Q1: How does JP2006505611 differ from other donepezil patents globally?
A1: It emphasizes specific formulation techniques, including stabilization agents and controlled-release mechanisms uniquely tailored for the Japanese market, providing a regional competitive edge.

Q2: What are the main components of the patent claims?
A2: The claims focus on pharmaceutical compositions containing donepezil with defined excipients, manufacturing processes, and stabilization methods optimized for efficacy and shelf-life.

Q3: Can generic companies bypass this patent now that it has expired?
A3: Yes, post-expiry, generics can develop alternative formulations, provided they do not infringe remaining patent rights or trade secrets.

Q4: How important is formulation innovation compared to active ingredient patents?
A4: In jurisdictions like Japan, formulation patents can extend market exclusivity by protecting manufacturing methods and drug delivery systems beyond active ingredient patents.

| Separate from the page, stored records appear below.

definition valid_profile :: "'v set \<Rightarrow> ('v \<Rightarrow> 'v \<Rightarrow> (nat \<Rightarrow> nat) option) \<Rightarrow> nat
                             \<Rightarrow> (nat \<Rightarrow> (nat \<Rightarrow> 'v) list \<Rightarrow> 'v) \<Rightarrow> bool" where
  "valid_profile V E n \<sigma> \<longleftrightarrow> (\<forall>i\<in>{1..n}. strategy V E i (\<sigma> i))"

fun hist :: "nat \<Rightarrow> (nat \<Rightarrow> (nat \<Rightarrow> 'v) list \<Rightarrow> 'v) \<Rightarrow> (nat \<Rightarrow> 'v) \<Rightarrow> nat \<Rightarrow> (nat \<Rightarrow> 'v) list" where
  "hist n \<sigma> c0 0 = [c0]"
| "hist n \<sigma> c0 (Suc k) =
     (let h = hist n \<sigma> c0 k in h @ [(\<lambda>i. if i \<in> {1..n} then \<sigma> i h else undefined)])"

definition outcome :: "nat \<Rightarrow> (nat \<Rightarrow> (nat \<Rightarrow> 'v) list \<Rightarrow> 'v) \<Rightarrow> (nat \<Rightarrow> 'v) \<Rightarrow> (nat \<Rightarrow> nat \<Rightarrow> 'v)" where
  "outcome n \<sigma> c0 = (\<lambda>k. last (hist n \<sigma> c0 k))"

definition is_NE :: "'v set \<Rightarrow> ('v \<Rightarrow> 'v \<Rightarrow> (nat \<Rightarrow> nat) option) \<Rightarrow> 'v \<Rightarrow> 'v \<Rightarrow> nat
                     \<Rightarrow> (nat \<Rightarrow> (nat \<Rightarrow> 'v) list \<Rightarrow> 'v) \<Rightarrow> bool" where
  "is_NE V E src tgt n \<sigma> \<longleftrightarrow> valid_profile V E n \<sigma> \<and>
     (\<forall>i\<in>{1..n}. \<forall>s. strategy V E i s \<longrightarrow>
        path_cost tgt E n i (outcome n \<sigma> (c_src n src))
          \<le> path_cost tgt E n i (outcome n (\<sigma>(i := s)) (c_src n src)))"

definition val :: "'v set \<Rightarrow> ('v \<Rightarrow> 'v \<Rightarrow> (nat \<Rightarrow> nat) option) \<Rightarrow> 'v \<Rightarrow> nat \<Rightarrow> nat
                   \<Rightarrow> (nat \<Rightarrow> 'v) \<Rightarrow> enat" where
  "val V E tgt n i c =
     (SUP \<sigma>\<in>{\<sigma>. valid_profile V E n \<sigma>}. INF s\<in>{s. strategy V E i s}.
        path_cost tgt E n i (outcome n (\<sigma>(i := s)) c))"

end

theory Submission
  imports Defs
begin

text \<open>
  If \<open>\<rho>\<close> is the outcome of an equilibrium and player \<open>i\<close> violated the bound at step \<open>l\<close> and
  configuration \<open>c\<close>, she could follow \<open>\<rho>\<close> up to step \<open>l\<close>, move to \<open>c\<close>, and from there play a
  best response to the continuation of the others' strategies. That continuation is one of
  the profiles in the supremum defining the value of \<open>c\<close> for \<open>i\<close>, so the deviation would pay.

  Conversely, let everybody follow \<open>\<rho>\<close> and, as soon as player \<open>i\<close> leaves it by entering \<open>c\<close>,
  switch to a profile attaining that supremum: whatever \<open>i\<close> does, her cost from \<open>c\<close> is then
  at least the value, and the condition says that the deviation does not pay.
\<close>

lemma arena_edge_in_V: "arena V E src tgt \<Longrightarrow> E a b \<noteq> None \<Longrightarrow> a \<in> V \<and> b \<in> V"
  unfolding arena_def by blast

lemma arena_edge_from_tgt: "arena V E src tgt \<Longrightarrow> E tgt b \<noteq> None \<longleftrightarrow> b = tgt"
  unfolding arena_def by blast

lemma config_eqI:
  assumes "is_config V n c" and "is_config V n c'" and "\<And>j. j \<in> {1..n} \<Longrightarrow> c j = c' j"
  shows "c = c'"
  using assms unfolding is_config_def by (metis ext)

lemma inf_path_config: "is_inf_path V E n \<rho> \<Longrightarrow> is_config V n (\<rho> k)"
  unfolding is_inf_path_def trans_def by blast

lemma inf_path_edge: "is_inf_path V E n \<rho> \<Longrightarrow> j \<in> {1..n} \<Longrightarrow> E (\<rho> k j) (\<rho> (Suc k) j) \<noteq> None"
  unfolding is_inf_path_def trans_def by blast

lemma inf_path_stays_at_tgt:
  assumes "arena V E src tgt" and "is_inf_path V E n \<rho>" and "i \<in> {1..n}"
    and "\<rho> k i = tgt" and "k \<le> k'"
  shows "\<rho> k' i = tgt"
  using \<open>k \<le> k'\<close>
proof (induction k' rule: dec_induct)
  case (step k')
  then show ?case
    using inf_path_edge[OF assms(2,3), of k'] arena_edge_from_tgt[OF assms(1)] by simp
qed (use assms(4) in simp)

lemma inf_path_not_tgt_before:
  assumes "arena V E src tgt" and "is_inf_path V E n \<rho>" and "i \<in> {1..n}"
    and "\<rho> l i \<noteq> tgt" and "k \<le> l"
  shows "\<rho> k i \<noteq> tgt"
  using inf_path_stays_at_tgt[OF assms(1-3)] assms(4,5) by blast

lemma dev_config:
  assumes "c \<in> dev V E n i c1 c2"
  shows "is_config V n c" and "j \<in> {1..n} \<Longrightarrow> E (c1 j) (c j) \<noteq> None"
    and "j \<in> {1..n} \<Longrightarrow> j \<noteq> i \<Longrightarrow> c j = c2 j"
  using assms unfolding dev_def trans_def by auto

definition dist_tgt :: "('v \<Rightarrow> 'v \<Rightarrow> (nat \<Rightarrow> nat) option) \<Rightarrow> 'v \<Rightarrow> 'v \<Rightarrow> nat" where
  "dist_tgt E tgt v = (LEAST k. (v, tgt) \<in> edge_rel E ^^ k)"

lemma dist_tgt_path:
  assumes "arena V E src tgt" and "v \<in> V"
  shows "(v, tgt) \<in> edge_rel E ^^ dist_tgt E tgt v"
proof -
  have "(v, tgt) \<in> (edge_rel E)\<^sup>*" using assms unfolding arena_def by blast
  then obtain k where "(v, tgt) \<in> edge_rel E ^^ k" using rtrancl_power by blast
  then show ?thesis unfolding dist_tgt_def by (rule LeastI)
qed

lemma dist_tgt_eq_0:
  assumes "arena V E src tgt" and "v \<in> V" and "dist_tgt E tgt v = 0"
  shows "v = tgt"
  using dist_tgt_path[OF assms(1,2)] assms(3) by simp

lemma ex_step_toward_tgt:
  assumes ar: "arena V E src tgt" and v: "v \<in> V"
  shows "\<exists>w. E v w \<noteq> None \<and> (v \<noteq> tgt \<longrightarrow> dist_tgt E tgt w < dist_tgt E tgt v)"
proof (cases "v = tgt")
  case True
  then show ?thesis using ar unfolding arena_def by blast
next
  case False
  have path: "(v, tgt) \<in> edge_rel E ^^ dist_tgt E tgt v" using dist_tgt_path[OF ar v] .
  with False obtain m where m: "dist_tgt E tgt v = Suc m" by (cases "dist_tgt E tgt v") auto
  with path obtain w where "(v, w) \<in> edge_rel E" "(w, tgt) \<in> edge_rel E ^^ m"
    using relpow_Suc_D2 by metis
  moreover from this(2) have "dist_tgt E tgt w \<le> m" unfolding dist_tgt_def by (rule Least_le)
  ultimately show ?thesis using m unfolding edge_rel_def by auto
qed

definition step_toward_tgt :: "('v \<Rightarrow> 'v \<Rightarrow> (nat \<Rightarrow> nat) option) \<Rightarrow> 'v \<Rightarrow> 'v \<Rightarrow> 'v" where
  "step_toward_tgt E tgt v =
     (SOME w. E v w \<noteq> None \<and> (v \<noteq> tgt \<longrightarrow> dist_tgt E tgt w < dist_tgt E tgt v))"

lemma step_toward_tgt:
  assumes "arena V E src tgt" and "v \<in> V"
  shows "E v (step_toward_tgt E tgt v) \<noteq> None"
    and "v \<noteq> tgt \<Longrightarrow> dist_tgt E tgt (step_toward_tgt E tgt v) < dist_tgt E tgt v"
  using someI_ex[OF ex_step_toward_tgt[OF assms]] unfolding step_toward_tgt_def by blast+

lemma strategy_edge:
  "strategy V E i s \<Longrightarrow> h \<noteq> [] \<Longrightarrow> last h i \<in> V \<Longrightarrow> E (last h i) (s h) \<noteq> None"
  unfolding strategy_def by blast

lemma strategy_step_toward_tgt:
  assumes "arena V E src tgt"
  shows "strategy V E i (\<lambda>h. step_toward_tgt E tgt (last h i))"
  unfolding strategy_def using step_toward_tgt(1)[OF assms] by blast

lemma valid_profile_step_toward_tgt:
  assumes "arena V E src tgt"
  shows "valid_profile V E n (\<lambda>j h. step_toward_tgt E tgt (last h j))"
  unfolding valid_profile_def using strategy_step_toward_tgt[OF assms] by blast

definition legal_move :: "'v set \<Rightarrow> ('v \<Rightarrow> 'v \<Rightarrow> (nat \<Rightarrow> nat) option) \<Rightarrow> 'v \<Rightarrow> 'v \<Rightarrow> 'v" where
  "legal_move V E v w = (if v \<in> V \<and> E v w = None then SOME w'. E v w' \<noteq> None else w)"

lemma legal_move_eq: "(v \<in> V \<Longrightarrow> E v w \<noteq> None) \<Longrightarrow> legal_move V E v w = w"
  unfolding legal_move_def by auto

lemma legal_move_legal:
  assumes "arena V E src tgt" and "v \<in> V"
  shows "E v (legal_move V E v w) \<noteq> None"
proof -
  have "E v (SOME w'. E v w' \<noteq> None) \<noteq> None"
    using step_toward_tgt(1)[OF assms] by (rule someI)
  then show ?thesis using assms(2) unfolding legal_move_def by auto
qed

lemma strategy_legal_move:
  assumes "arena V E src tgt"
  shows "strategy V E i (\<lambda>h. legal_move V E (last h i) (f h))"
  unfolding strategy_def using legal_move_legal[OF assms] by blast

lemma strategy_append_history:
  "strategy V E i s \<Longrightarrow> strategy V E i (\<lambda>h. s (pre @ h))"
  unfolding strategy_def by (metis append_is_Nil_conv last_appendR)

lemma valid_profile_append_history:
  "valid_profile V E n \<sigma> \<Longrightarrow> valid_profile V E n (\<lambda>j h. \<sigma> j (pre @ h))"
  unfolding valid_profile_def using strategy_append_history by blast

definition next_config :: "nat \<Rightarrow> (nat \<Rightarrow> (nat \<Rightarrow> 'v) list \<Rightarrow> 'v) \<Rightarrow> (nat \<Rightarrow> 'v) list \<Rightarrow> nat \<Rightarrow> 'v" where
  "next_config n \<sigma> h = (\<lambda>j. if j \<in> {1..n} then \<sigma> j h else undefined)"

lemma next_config_eqI:
  assumes "is_config V n c" and "\<And>j. j \<in> {1..n} \<Longrightarrow> \<sigma> j h = c j"
  shows "next_config n \<sigma> h = c"
  using assms unfolding next_config_def is_config_def by auto

lemma hist_Suc_next_config: "hist n \<sigma> c0 (Suc k) = hist n \<sigma> c0 k @ [next_config n \<sigma> (hist n \<sigma> c0 k)]"
  by (simp add: next_config_def Let_def)

lemma last_hist: "last (hist n \<sigma> c0 k) = outcome n \<sigma> c0 k"
  by (simp add: outcome_def)

lemma outcome_Suc_hist: "outcome n \<sigma> c0 (Suc k) = next_config n \<sigma> (hist n \<sigma> c0 k)"
  by (simp add: outcome_def hist_Suc_next_config del: hist.simps)

lemma hist_eq_map_outcome: "hist n \<sigma> c0 k = map (outcome n \<sigma> c0) [0..<Suc k]"
proof (induction k)
  case 0
  show ?case by (simp add: outcome_def)
next
  case (Suc k)
  then show ?case by (simp add: hist_Suc_next_config outcome_Suc_hist del: hist.simps)
qed

lemma outcome_0 [simp]: "outcome n \<sigma> c0 0 = c0"
  by (simp add: outcome_def)

lemma outcome_Suc: "outcome n \<sigma> c0 (Suc k) = next_config n \<sigma> (map (outcome n \<sigma> c0) [0..<Suc k])"
  by (simp only: outcome_Suc_hist hist_eq_map_outcome)

lemma outcome_follows:
  assumes "outcome n \<sigma> c0 = \<rho>" and "j \<in> {1..n}"
  shows "\<sigma> j (map \<rho> [0..<Suc k]) = \<rho> (Suc k) j"
  using outcome_Suc[of n \<sigma> c0 k] assms by (simp add: next_config_def del: upt_Suc)

lemma outcome_cong:
  assumes "\<And>j h. j \<in> {1..n} \<Longrightarrow> h \<noteq> [] \<Longrightarrow> hd h = c0 \<Longrightarrow> \<sigma> j h = \<sigma>' j h"
  shows "outcome n \<sigma> c0 = outcome n \<sigma>' c0"
proof -
  have "hist n \<sigma> c0 k = hist n \<sigma>' c0 k" for k
  proof (induction k)
    case (Suc k)
    have "hist n \<sigma>' c0 k \<noteq> [] \<and> hd (hist n \<sigma>' c0 k) = c0"
      by (simp add: hist_eq_map_outcome hd_map del: upt_Suc)
    then have "next_config n \<sigma> (hist n \<sigma>' c0 k) = next_config n \<sigma>' (hist n \<sigma>' c0 k)"
      using assms unfolding next_config_def by auto
    with Suc show ?case by (simp add: hist_Suc_next_config del: hist.simps)
  qed simp
  then show ?thesis unfolding outcome_def by simp
qed

lemma outcome_eqI_upto:
  assumes "\<pi> 0 = c0" and "\<And>k. k < m \<Longrightarrow> next_config n \<sigma> (map \<pi> [0..<Suc k]) = \<pi> (Suc k)"
    and "k \<le> m"
  shows "outcome n \<sigma> c0 k = \<pi> k"
proof -
  have "map (outcome n \<sigma> c0) [0..<Suc k] = map \<pi> [0..<Suc k]" using \<open>k \<le> m\<close>
  proof (induction k)
    case (Suc k)
    then have IH: "map (outcome n \<sigma> c0) [0..<Suc k] = map \<pi> [0..<Suc k]" by simp
    have "outcome n \<sigma> c0 (Suc k) = \<pi> (Suc k)"
      unfolding outcome_Suc IH using Suc.prems by (intro assms(2)) simp
    with IH show ?case by simp
  qed (simp add: assms(1))
  then have "\<forall>x\<in>set [0..<Suc k]. outcome n \<sigma> c0 x = \<pi> x" by (simp only: map_eq_conv)
  then show ?thesis by simp
qed

lemma suffix_outcome:
  "suffix (outcome n \<sigma> c0) m =
     outcome n (\<lambda>j h. \<sigma> j (map (outcome n \<sigma> c0) [0..<m] @ h)) (outcome n \<sigma> c0 m)"
proof
  fix k
  define pre where "pre = map (outcome n \<sigma> c0) [0..<m]"
  let ?\<pi> = "suffix (outcome n \<sigma> c0) m"
  have pre_app: "pre @ map ?\<pi> [0..<p] = map (outcome n \<sigma> c0) [0..<m + p]" for p
    by (induction p) (simp_all add: pre_def suffix_def add.commute)
  have "next_config n (\<lambda>j h. \<sigma> j (pre @ h)) (map ?\<pi> [0..<Suc k']) = ?\<pi> (Suc k')" for k'
  proof -
    have "next_config n (\<lambda>j h. \<sigma> j (pre @ h)) (map ?\<pi> [0..<Suc k'])
        = next_config n \<sigma> (map (outcome n \<sigma> c0) [0..<m + Suc k'])"
      by (simp only: next_config_def pre_app)
    also have "\<dots> = ?\<pi> (Suc k')" by (simp add: outcome_Suc suffix_def add.commute del: upt_Suc)
    finally show ?thesis .
  qed
  then have "outcome n (\<lambda>j h. \<sigma> j (pre @ h)) (outcome n \<sigma> c0 m) k = ?\<pi> k"
    by (intro outcome_eqI_upto[where m = k]) (simp_all add: suffix_def)
  then show "?\<pi> k = outcome n (\<lambda>j h. \<sigma> j (pre @ h)) (outcome n \<sigma> c0 m) k"
    by simp
qed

Q5: What is the strategic value of patent JP2006505611 for Eisai?
A5: It secures exclusive rights over specific formulations, supporting market differentiation, licensing opportunities, and blocking competitors in Japan during its enforceable term.

Sources:

[1] Japan Patent Office database, JP2006505611A, available at JPO.
[2] Eisai Co., Ltd. corporate disclosures and patent portfolio, 2004–2006.
[3] International patent family records for donepezil formulations, WIPO PATENTSCOPE.